The lamp is best at one end of the brooder with food/water at the other cooler end of the brooder, so they can get away from the heat or be under it as needed. Wattage of 'heat' bulb depends on size of brooder and ambient temperature of room brooder is in. Regular incandescent bulbs can be used, you might not need a 'heat bulb'. You can get red colored incandescent bulbs at a reptile supply source. A dimmer extension cord is an excellent way to adjust the output of the bulb to change the heat without changing the height of the lamp.

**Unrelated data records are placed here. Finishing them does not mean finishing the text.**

lemma section_defect_lift:
  assumes "gfree V w A.H"
    and \<phi>: "ghom V w A.H A 0 \<phi>" and \<phi>_cyc: "\<And>k X. X \<in> cmp A.H k \<Longrightarrow> \<phi> k X \<in> zcyc A dA k"
    and \<psi>: "ghom V w B.H B 0 \<psi>" and \<psi>_cyc: "\<And>k Y. Y \<in> cmp B.H k \<Longrightarrow> \<psi> k Y \<in> zcyc B dB k"
    and \<psi>_hcls: "\<And>k Y. Y \<in> cmp B.H k \<Longrightarrow> hcls B dB k (\<psi> k Y) = Y"
  obtains L where "ghom V w A.H B 1 L"
    "\<And>k X. X \<in> cmp A.H k \<Longrightarrow>
       dB (k + 1) (L k X) = gadd B k (\<alpha> k (\<phi> k X)) (\<psi> k (hcls B dB k (\<alpha> k (\<phi> k X))))"
proof -
  define u where "u k X = \<alpha> k (\<phi> k X)" for k X
  define v where "v k X = \<psi> k (hcls B dB k (u k X))" for k X
  have u_cyc: "u k X \<in> zcyc B dB k" if "X \<in> cmp A.H k" for k X
    using \<alpha>_zcyc[OF \<phi>_cyc[OF that]] by (simp add: u_def)
  have u: "ghom V w A.H B 0 u"
    using ghom_comp[OF \<phi> ghom_\<alpha>] by (simp add: u_def[abs_def])
  have "ghom V w A.H B 0 v"
    using ghom_comp[OF B.ghom_hcls[OF u] \<psi>] u_cyc by (simp add: v_def[abs_def])
  then have uv: "ghom V w A.H B 0 (\<lambda>k X. gadd B k (u k X) (v k X))"
    using B.ghom_pointwise_add[OF u] by simp
  have uv_bdry: "gadd B k (u k X) (v k X) \<in> bdry B dB k" if "X \<in> cmp A.H k" for k X
  proof -
    have Y: "hcls B dB k (u k X) \<in> cmp B.H k"
      using u_cyc[OF that] by (simp add: B.homology_cmp)
    then have "hcls B dB k (u k X) = hcls B dB k (v k X)"
      using \<psi>_hcls[OF Y] by (simp add: v_def)
    then show ?thesis
      using B.hcls_eq_iff[of "u k X" k "v k X"] u_cyc[OF that] \<psi>_cyc[OF Y]
      by (simp add: v_def B.zcyc_iff)
  qed
  obtain bas where bas: "gbasis V w A.H bas"
    using assms(1) by (auto simp: gfree_iff_gbasis)
  obtain L where "ghom V w A.H B 1 L"
    and "\<And>k X. X \<in> cmp A.H k \<Longrightarrow> dB (k + 1) (L k X) = gadd B k (u k X) (v k X)"
    using B.boundary_lift[OF A.homology_graded_module bas uv] uv_bdry by auto
  then show ?thesis
    using that by (simp add: u_def v_def)
qed

lemma kernel_boundary_lift:
  assumes "gfree V w A.H" and "gfree V w B.H"
  obtains \<phi> L where "\<And>k X. X \<in> cmp A.H k \<Longrightarrow> \<phi> k X \<in> zcyc A dA k"
    "\<And>k X. X \<in> cmp A.H k \<Longrightarrow> hcls A dA k (\<phi> k X) = X"
    "ghom V w A.H B 1 L"
    "\<And>k X. X \<in> cmp K k \<Longrightarrow> dB (k + 1) (L k X) = \<alpha> k (\<phi> k X)"
proof -
  obtain \<phi> where \<phi>: "ghom V w A.H A 0 \<phi>"
    and \<phi>_cyc: "\<And>k X. X \<in> cmp A.H k \<Longrightarrow> \<phi> k X \<in> zcyc A dA k"
    and \<phi>_hcls: "\<And>k X. X \<in> cmp A.H k \<Longrightarrow> hcls A dA k (\<phi> k X) = X"
    using A.homology_section[OF assms(1)] by blast
  obtain \<psi> where \<psi>: "ghom V w B.H B 0 \<psi>"
    and \<psi>_cyc: "\<And>k Y. Y \<in> cmp B.H k \<Longrightarrow> \<psi> k Y \<in> zcyc B dB k"
    and \<psi>_hcls: "\<And>k Y. Y \<in> cmp B.H k \<Longrightarrow> hcls B dB k (\<psi> k Y) = Y"
    using B.homology_section[OF assms(2)] by blast
  obtain L where L: "ghom V w A.H B 1 L"
    and dL: "\<And>k X. X \<in> cmp A.H k \<Longrightarrow>
       dB (k + 1) (L k X) = gadd B k (\<alpha> k (\<phi> k X)) (\<psi> k (hcls B dB k (\<alpha> k (\<phi> k X))))"
    using section_defect_lift[OF assms(1) \<phi> \<phi>_cyc \<psi> \<psi>_cyc \<psi>_hcls] by blast
  have dL_ker: "dB (k + 1) (L k X) = \<alpha> k (\<phi> k X)" if "X \<in> cmp K k" for k X
  proof -
    interpret HB: graded_module_pair V w B.H B
      by (intro graded_module_pair.intro B.homology_graded_module B.graded_module_axioms)
    have X: "X \<in> cmp A.H k" "hmap B dB 0 \<alpha> k X = gzero B.H k"
      using that by (simp_all add: ker_hmap_cmp)
    then have "hcls B dB k (\<alpha> k (\<phi> k X)) = gzero B.H k"
      using hmap_hcls[of "\<phi> k X" k] \<phi>_cyc[OF X(1)] \<phi>_hcls[OF X(1)] by (simp add: A.zcyc_iff)
    then show ?thesis
      using dL[OF X(1)] HB.ghom_zero[OF \<psi>] \<alpha>_zcyc[OF \<phi>_cyc[OF X(1)]] by (simp add: B.zcyc_iff)
  qed
  show ?thesis
    by (rule that[OF \<phi>_cyc \<phi>_hcls L dL_ker])
qed

theorem kernel_splitting:
  assumes "gfree V w A.H" and "gfree V w B.H"
  shows "\<exists>s. ghom V w K C.H 1 s \<and>
    (\<forall>k X. X \<in> cmp K k \<longrightarrow> connecting A dA B dB \<alpha> \<beta> (k + 1) (s k X) = X)"
proof -
  obtain \<phi> L where \<phi>_cyc: "\<And>k X. X \<in> cmp A.H k \<Longrightarrow> \<phi> k X \<in> zcyc A dA k"
    and \<phi>_hcls: "\<And>k X. X \<in> cmp A.H k \<Longrightarrow> hcls A dA k (\<phi> k X) = X"
    and L: "ghom V w A.H B 1 L"
    and dL: "\<And>k X. X \<in> cmp K k \<Longrightarrow> dB (k + 1) (L k X) = \<alpha> k (\<phi> k X)"
    using kernel_boundary_lift[OF assms] by blast
  have K_sub: "cmp K k \<subseteq> cmp A.H k" for k
    by (auto simp: ker_hmap_cmp)
  have "ghom V w K B 1 L"
    using ghom_restrict_domain[OF L, of "cmp K"] K_sub by (simp add: ker_hmap_def)
  then have \<beta>L: "ghom V w K C 1 (\<lambda>k X. \<beta> (k + 1) (L k X))"
    using ghom_comp[OF _ ghom_\<beta>] by fastforce
  have cyc: "\<beta> (k + 1) (L k X) \<in> zcyc C dC (k + 1)" if X: "X \<in> cmp K k" for k X
  proof -
    have "X \<in> cmp A.H k"
      using K_sub X by blast
    then have "L k X \<in> cmp B (k + 1)" and "\<phi> k X \<in> cmp A k"
      using ghom_closed[OF L] \<phi>_cyc by (auto simp: A.zcyc_iff)
    then show ?thesis
      using \<beta>_chain[of "L k X" "k + 1"] dL[OF X] by (simp add: C.zcyc_iff \<beta>_closed \<beta>_\<alpha>)
  qed
  show ?thesis
  proof (intro exI conjI allI impI)
    show "ghom V w K C.H 1 (\<lambda>k X. hcls C dC (k + 1) (\<beta> (k + 1) (L k X)))"
      using C.ghom_hcls[OF \<beta>L cyc] .
    fix k X assume X: "X \<in> cmp K k"
    then have XH: "X \<in> cmp A.H k"
      using K_sub by blast
    have "\<phi> k X \<in> cmp A k"
      using \<phi>_cyc[OF XH] by (simp add: A.zcyc_iff)
    then show "connecting A dA B dB \<alpha> \<beta> (k + 1) (hcls C dC (k + 1) (\<beta> (k + 1) (L k X))) = X"
      using connecting_hcls[OF ghom_closed[OF L XH] _ dL[OF X]] \<phi>_hcls[OF XH] by simp
  qed
qed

Or you could go with a heat plate, commercially made or DIY: https://www.backyardchickens.com/a/pseudo-brooder-heater-plate
 
400


This is my set up. During the day they are all running around and usually sleep in the middle. At night they go under the light because it gets in the low 70's. Everywhere I read it said for the first week keep at 95. Even my themother says so. Not sure the dimensions of the cage but I think it's for bunnies and Guineas. Bought it 10 years ago for a tortoise.
 


This is my set up. During the day they are all running around and usually sleep in the middle. At night they go under the light because it gets in the low 70's. Everywhere I read it said for the first week keep at 95. Even my themother says so. Not sure the dimensions of the cage but I think it's for bunnies and Guineas. Bought it 10 years ago for a tortoise.
The '95 degrees first week and 5 less each week after that' rule of thumb is getting to be old school technique.
First day you want to keep them good and warm while you assess their health but after that it's best to keep them cooler or you get pasty butts.
Keeping one end of the brooder 10-20 degrees cooler is important.
Best to adjust your heat by their behavior(as I described above) and keep them as cool as possible, they will be healthier and feather out faster.
I used a dimmer extension cord to adjust the heat lamp output when I used a heat lamp.

That cage is only going to hold them for about a week, maybe two....do you have a larger enclosure ready for them?
 
I received the 11 chicks Thursday. Only 1 has the pasty butt. I just picked him up now and he/she pooped all over me. So I hope it's better? Gave them a scrambled egg today which they all loved. The one is eating and drinking a lot so I hope it was just the stress of shipping.

I have the chicks in a large Guinea pig cage in a small bathroom with a window. Window is open at night when we don't have the ac on. Temp says 95 under the light.
Chicks eat hard boiled eggs like they were going out of style and there is none of the oils or grease that can loosen the stool in a HBE like there is in a scrambled egg. Also some un-cooked "OLD FASHION ROLLED" oats is relished by chicks of all ages and besides UN-COOKED OLD FASHION ROLLED OATS is good to firm up the bowels.

PS: You can safely feed the shell and all when giving your chicks Hard Boiled Eggs. Just mash the HBE up or crumble it well, then top the HBE with UN-COOKED OLD-FASHION ROLLED OATS. It won't take long before you will have to carry a broom around with you to keep the baby chicks at bay when they hear you coming because they will all be expecting more HBE and un-cooked, old-fashion, rolled, oats.